This handle page fault on behalf of device driver, unlike handle_mm_fault()
it does not trigger migration back to system memory for device memory.

Signed-off-by: JA(C)rA'me Glisse <jglisse@redhat.com>
Signed-off-by: Evgeny Baskakov <ebaskakov@nvidia.com>
Signed-off-by: John Hubbard <jhubbard@nvidia.com>
Signed-off-by: Mark Hairgrove <mhairgrove@nvidia.com>
Signed-off-by: Sherry Cheung <SCheung@nvidia.com>
Signed-off-by: Subhash Gutti <sgutti@nvidia.com>
---
 include/linux/hmm.h |  27 ++++++
 mm/hmm.c            | 243 +++++++++++++++++++++++++++++++++++++++++++++++++---
 2 files changed, 256 insertions(+), 14 deletions(-)

diff --git a/include/linux/hmm.h b/include/linux/hmm.h
index defa7cd..d267989 100644
--- a/include/linux/hmm.h
+++ b/include/linux/hmm.h
@@ -292,6 +292,33 @@ int hmm_vma_get_pfns(struct vm_area_struct *vma,
 		     unsigned long end,
 		     hmm_pfn_t *pfns);
 bool hmm_vma_range_done(struct vm_area_struct *vma, struct hmm_range *range);
+
+
+/*
+ * Fault memory on behalf of device driver. Unlike handle_mm_fault(), this will
+ * not migrate any device memory back to system memory. The hmm_pfn_t array will
+ * be updated with the fault result and current snapshot of the CPU page table
+ * for the range.
+ *
+ * The mmap_sem must be taken in read mode before entering and it might be
+ * dropped by the function if the block argument is false.

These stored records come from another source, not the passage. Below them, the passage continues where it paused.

lemma eventually_Perror_opt_le_coef:
  fixes PX :: "'x::finite pmf" and W :: "'x \<Rightarrow> 'y::finite pmf"
  assumes q: "CARD('x) \<ge> 2" and "\<beta> > 0" "\<delta> > 0"
  shows "\<forall>\<^sub>F n in sequentially. Perror_opt PX W \<beta> n
     \<le> (1 + \<delta>) * (2 * coef \<beta> (MI PX W) * log (real CARD('x)) (real n) / real n)"
proof -
  let ?q = "real CARD('x)" and ?\<mu> = "MI PX W"
  have nonneg: "\<forall>\<^sub>F n in sequentially. 0 \<le> log ?q (real n)"
    using q by real_asymp
  have beta_bound: "\<forall>\<^sub>F n in sequentially.
      Perror_opt PX W \<beta> n \<le> (1 + \<delta>) * (2 * \<beta> * log ?q (real n) / real n)"
    using eventually_Perror_opt_le_beta[OF q \<open>\<beta> > 0\<close>, of PX W] nonneg
  proof eventually_elim
    case (elim n)
    let ?x = "2 * \<beta> * log ?q (real n) / real n"
    have "0 \<le> \<delta> * ?x"
      using elim(2) \<open>\<beta> > 0\<close> \<open>\<delta> > 0\<close> by (intro mult_nonneg_nonneg divide_nonneg_nonneg) auto
    moreover have "(1 + \<delta>) * ?x = ?x + \<delta> * ?x" by (simp only: distrib_right mult_1)
    ultimately show ?case using elim(1) by linarith
  qed
  show ?thesis
  proof (cases "?\<mu> = 0")
    case True
    then show ?thesis using beta_bound by (simp add: coef_def)
  next
    case False
    then have "?\<mu> > 0" using MI_nonneg[OF q] by (simp add: less_le)
    show ?thesis
      using eventually_Perror_opt_le_inverse_MI[OF q \<open>\<beta> > 0\<close> \<open>?\<mu> > 0\<close> \<open>\<delta> > 0\<close>] beta_bound
    proof eventually_elim
      case (elim n)
      show ?case
      proof (cases "\<beta> \<le> 1 / ?\<mu>")
        case True
        then show ?thesis using elim(2) \<open>?\<mu> > 0\<close> by (simp add: coef_def)
      next
        case False
        then have "coef \<beta> ?\<mu> = 1 / ?\<mu>" using \<open>?\<mu> > 0\<close> by (simp add: coef_def)
        moreover have "2 * (1 + \<delta>) * log ?q (real n) / (?\<mu> * real n)
            = (1 + \<delta>) * (2 * (1 / ?\<mu>) * log ?q (real n) / real n)"
          by simp
        ultimately show ?thesis using elim(1) by (simp only:)
      qed
    qed
  qed
qed
lemma diag_norm_fps_geometric_le:
  assumes E0: "fps_nth E 0 = 0"
  shows "fps_nth (diag_norm (fps_geometric E)) n \<le> fps_nth (fps_geometric (diag_norm E)) n"
proof -
  have T0: "fps_nth (diag_norm E) 0 = 0" unfolding diag_norm_nth using E0 by simp
  have "fps_nth (diag_norm (fps_geometric E)) n \<le> (\<Sum>j\<le>n. \<Sum>l\<le>n. norm (fps_nth (fps_nth (E ^ l) j) (n - j)))"
    unfolding diag_norm_nth
  proof (rule sum_mono)
    fix j assume j: "j \<in> {..n}"
    have "norm (fps_nth (fps_nth (fps_geometric E) j) (n - j)) \<le> (\<Sum>l\<le>j. norm (fps_nth (fps_nth (E ^ l) j) (n - j)))"
      unfolding fps_geometric_def by (simp add: fps_sum_nth norm_sum)
    also have "\<dots> \<le> (\<Sum>l\<le>n. norm (fps_nth (fps_nth (E ^ l) j) (n - j)))"
      by (rule sum_mono2) (use j in auto)
    finally show "norm (fps_nth (fps_nth (fps_geometric E) j) (n - j)) \<le> \<dots>" .
  qed
  also have "\<dots> = (\<Sum>l\<le>n. fps_nth (diag_norm (E ^ l)) n)"
    by (subst sum.swap) (simp add: diag_norm_nth)
  also have "\<dots> \<le> (\<Sum>l\<le>n. fps_nth (diag_norm E ^ l) n)"
    by (intro sum_mono diag_norm_power_le)
  also have "\<dots> = fps_nth (fps_geometric (diag_norm E)) n"
    using fps_geometric_nth[OF T0, of n n] by (simp add: fps_sum_nth)
  finally show ?thesis .
qed

lemma conv_ps2_fps_geometric:
  assumes "conv_ps2 E" and E0: "fps_nth E 0 = 0"
  shows "conv_ps2 (fps_geometric E)"
proof -
  have T0: "fps_nth (diag_norm E) 0 = 0" unfolding diag_norm_nth using E0 by simp
  have "fps_geometric (diag_norm E) = inverse (1 - diag_norm E)"
    using fps_inverse_unique[OF fps_geometric_inverse[OF T0]] by simp
  moreover have "fps_conv_radius (1 - diag_norm E) > 0"
    using assms(1) by (intro fps_conv_radius_diff_pos) (auto simp: conv_ps2_iff_diag_norm)
  ultimately have "fps_conv_radius (fps_geometric (diag_norm E)) > 0"
    using T0 by (simp add: fps_conv_radius_inverse_pos)
  then show ?thesis unfolding conv_ps2_iff_diag_norm
    by (rule fps_conv_radius_pos_dominated[OF diag_norm_nonneg diag_norm_fps_geometric_le[OF E0]])
qed
lemma one_minus_power_le_exp:
  fixes x :: real
  assumes "x \<le> 1"
  shows "(1 - x) ^ m \<le> exp (- x * real m)"
proof -
  have "(1 - x) ^ m \<le> exp (- x) ^ m"
    using exp_ge_add_one_self[of "- x"] assms by (intro power_mono) auto
  also have "\<dots> = exp (- x * real m)"
    by (simp add: exp_of_nat_mult[symmetric] mult.commute)
  finally show ?thesis .
qed

lemma choosable_mono: "choosable V E k \<Longrightarrow> k \<le> k' \<Longrightarrow> choosable V E k'"
  unfolding choosable_def using le_trans by blast

lemma inj_choice_from_lists:
  assumes "finite V" "\<forall>v\<in>V. finite (S v) \<and> card V \<le> card (S v)"
  shows "\<exists>c. (\<forall>v\<in>V. c v \<in> S v) \<and> inj_on c V"
  using assms
proof (induction V rule: finite_induct)
  case empty
  then show ?case by auto
next
  case (insert x F)
  then obtain c where c: "\<forall>v\<in>F. c v \<in> S v" "inj_on c F"
    by fastforce
  have "card (c ` F) < card (S x)"
    using insert card_image_le[of F c] by auto
  then obtain y where "y \<in> S x" "y \<notin> c ` F"
    by (meson card_mono finite_imageI insert.hyps(1) not_le subsetI)
  with c insert.hyps(2) show ?case
    by (intro exI[of _ "c(x := y)"]) (auto simp: inj_on_def)
qed

lemma choosable_card:
  assumes "finite V" "\<And>v. \<not> E v v"
  shows "choosable V E (card V)"
  unfolding choosable_def proper_coloring_def
  by (metis inj_choice_from_lists[OF assms(1)] assms(2) inj_on_contraD)

lemma choice_number_gt:
  assumes "finite V" "\<And>v. \<not> E v v" "\<not> choosable V E r"
  shows "r < choice_number V E"
proof (rule ccontr)
  assume "\<not> r < choice_number V E"
  moreover have "choosable V E (choice_number V E)"
    unfolding choice_number_def using choosable_card[OF assms(1,2)] by (rule LeastI)
  ultimately show False
    using assms(3) choosable_mono by (metis not_less)
qed

lemma disjoint_family_exists_card_le:
  assumes "finite I" "I \<noteq> {}" "finite U" "\<forall>i\<in>I. \<forall>j\<in>I. i \<noteq> j \<longrightarrow> A i \<inter> A j = {}"
    and "\<And>i. i \<in> I \<Longrightarrow> A i \<subseteq> U"
    and "card U \<le> (\<Sum>i\<in>I. L i)"
  shows "\<exists>i\<in>I. card (A i) \<le> L i"
proof (rule ccontr)
  assume "\<not> ?thesis"
  then have "(\<Sum>i\<in>I. Suc (L i)) \<le> (\<Sum>i\<in>I. card (A i))"
    by (intro sum_mono) (simp add: not_le Suc_le_eq)
  also have "\<dots> = card (\<Union>i\<in>I. A i)"
    using assms(1,4) assms(5)[THEN finite_subset] assms(3) by (intro card_UN_disjoint[symmetric]) auto
  also have "\<dots> \<le> card U"
    using assms(3,5) by (intro card_mono) auto
  finally show False
    using assms(1,2,6) card_gt_0_iff[of I] by (simp add: sum_Suc)
qed

lemma card_PiE_restrict:
  assumes "finite V" "W \<subseteq> V" "R' \<subseteq> R"
  shows "card {S \<in> PiE V (\<lambda>_. R). \<forall>v\<in>W. S v \<in> R'} = card R' ^ card W * card R ^ card (V - W)"
proof -
  have "{S \<in> PiE V (\<lambda>_. R). \<forall>v\<in>W. S v \<in> R'} = PiE V (\<lambda>v. if v \<in> W then R' else R)"
    using assms(2,3) by (auto simp: PiE_def Pi_def)
  moreover have "V \<inter> W = W" "V \<inter> - W = V - W"
    using assms(2) by auto
  ultimately show ?thesis
    by (simp add: card_PiE[OF assms(1)] if_distrib[of card] prod.If_cases[OF assms(1)]
        del: if_image_distrib)
qed

lemma card_subsets_meeting_le:
  assumes "finite U" "A \<subseteq> U" "card A \<le> L"
  shows "card {X. X \<subseteq> U \<and> card X = r \<and> X \<inter> A \<noteq> {}} \<le> (card U choose r) - (card U - L choose r)"
proof -
  define R where "R = {X. X \<subseteq> U \<and> card X = r}"
  define R0 where "R0 = {X. X \<subseteq> U - A \<and> card X = r}"
  have "{X. X \<subseteq> U \<and> card X = r \<and> X \<inter> A \<noteq> {}} = R - R0" "R0 \<subseteq> R"
    by (auto simp: R_def R0_def)
  moreover have "finite R"
    unfolding R_def using assms(1) by simp
  moreover have "card R = card U choose r"
    unfolding R_def using n_subsets[OF assms(1)] .
  moreover have "card R0 = (card U - card A) choose r"
    unfolding R0_def using n_subsets[of "U - A" r] assms by (simp add: card_Diff_subset finite_subset)
  moreover have "(card U - L) choose r \<le> (card U - card A) choose r"
    using assms(3) by (intro binomial_right_mono) simp
  ultimately show ?thesis
    by (simp add: card_Diff_subset finite_subset)
qed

In that case, the
+ * function returns -EAGAIN.
+ *
+ * Return value does not reflect if the fault was successful for every single
+ * address or not. Therefore, the caller must to inspect the hmm_pfn_t array to
+ * determine fault status for each address.
+ *
+ * Trying to fault inside an invalid vma will result in -EINVAL.
+ *
+ * See the function description in mm/hmm.c for further documentation.
+ */
+int hmm_vma_fault(struct vm_area_struct *vma,
+		  struct hmm_range *range,
+		  unsigned long start,
+		  unsigned long end,
+		  hmm_pfn_t *pfns,
+		  bool write,
+		  bool block);
 #endif /* IS_ENABLED(CONFIG_HMM_MIRROR) */
 
 
diff --git a/mm/hmm.c b/mm/hmm.c
index 4828b97..be88807 100644
--- a/mm/hmm.c
+++ b/mm/hmm.c
@@ -235,6 +235,36 @@ void hmm_mirror_unregister(struct hmm_mirror *mirror)
 }
 EXPORT_SYMBOL(hmm_mirror_unregister);
 
+struct hmm_vma_walk {
+	struct hmm_range	*range;
+	unsigned long		last;
+	bool			fault;
+	bool			block;
+	bool			write;
+};
+
+static int hmm_vma_do_fault(struct mm_walk *walk,
+			    unsigned long addr,
+			    hmm_pfn_t *pfn)
+{
+	unsigned int flags = FAULT_FLAG_ALLOW_RETRY | FAULT_FLAG_REMOTE;
+	struct hmm_vma_walk *hmm_vma_walk = walk->private;
+	struct vm_area_struct *vma = walk->vma;
+	int r;
+
+	flags |= hmm_vma_walk->block ? 0 : FAULT_FLAG_ALLOW_RETRY;
+	flags |= hmm_vma_walk->write ? FAULT_FLAG_WRITE : 0;
+	r = handle_mm_fault(vma, addr, flags);
+	if (r & VM_FAULT_RETRY)
+		return -EBUSY;
+	if (r & VM_FAULT_ERROR) {
+		*pfn = HMM_PFN_ERROR;
+		return -EFAULT;
+	}
+
+	return -EAGAIN;
+}
+
 static void hmm_pfns_special(hmm_pfn_t *pfns,
 			     unsigned long addr,
 			     unsigned long end)
@@ -243,34 +273,62 @@ static void hmm_pfns_special(hmm_pfn_t *pfns,
 		*pfns = HMM_PFN_SPECIAL;
 }
 
+static void hmm_pfns_clear(hmm_pfn_t *pfns,
+			   unsigned long addr,
+			   unsigned long end)
+{
+	for (; addr < end; addr += PAGE_SIZE, pfns++)
+		*pfns = 0;
+}
+
 static int hmm_vma_walk_hole(unsigned long addr,
 			     unsigned long end,
 			     struct mm_walk *walk)
 {
-	struct hmm_range *range = walk->private;
+	struct hmm_vma_walk *hmm_vma_walk = walk->private;
+	struct hmm_range *range = hmm_vma_walk->range;
 	hmm_pfn_t *pfns = range->pfns;
 	unsigned long i;
 
+	hmm_vma_walk->last = addr;
 	i = (addr - range->start) >> PAGE_SHIFT;
-	for (; addr < end; addr += PAGE_SIZE, i++)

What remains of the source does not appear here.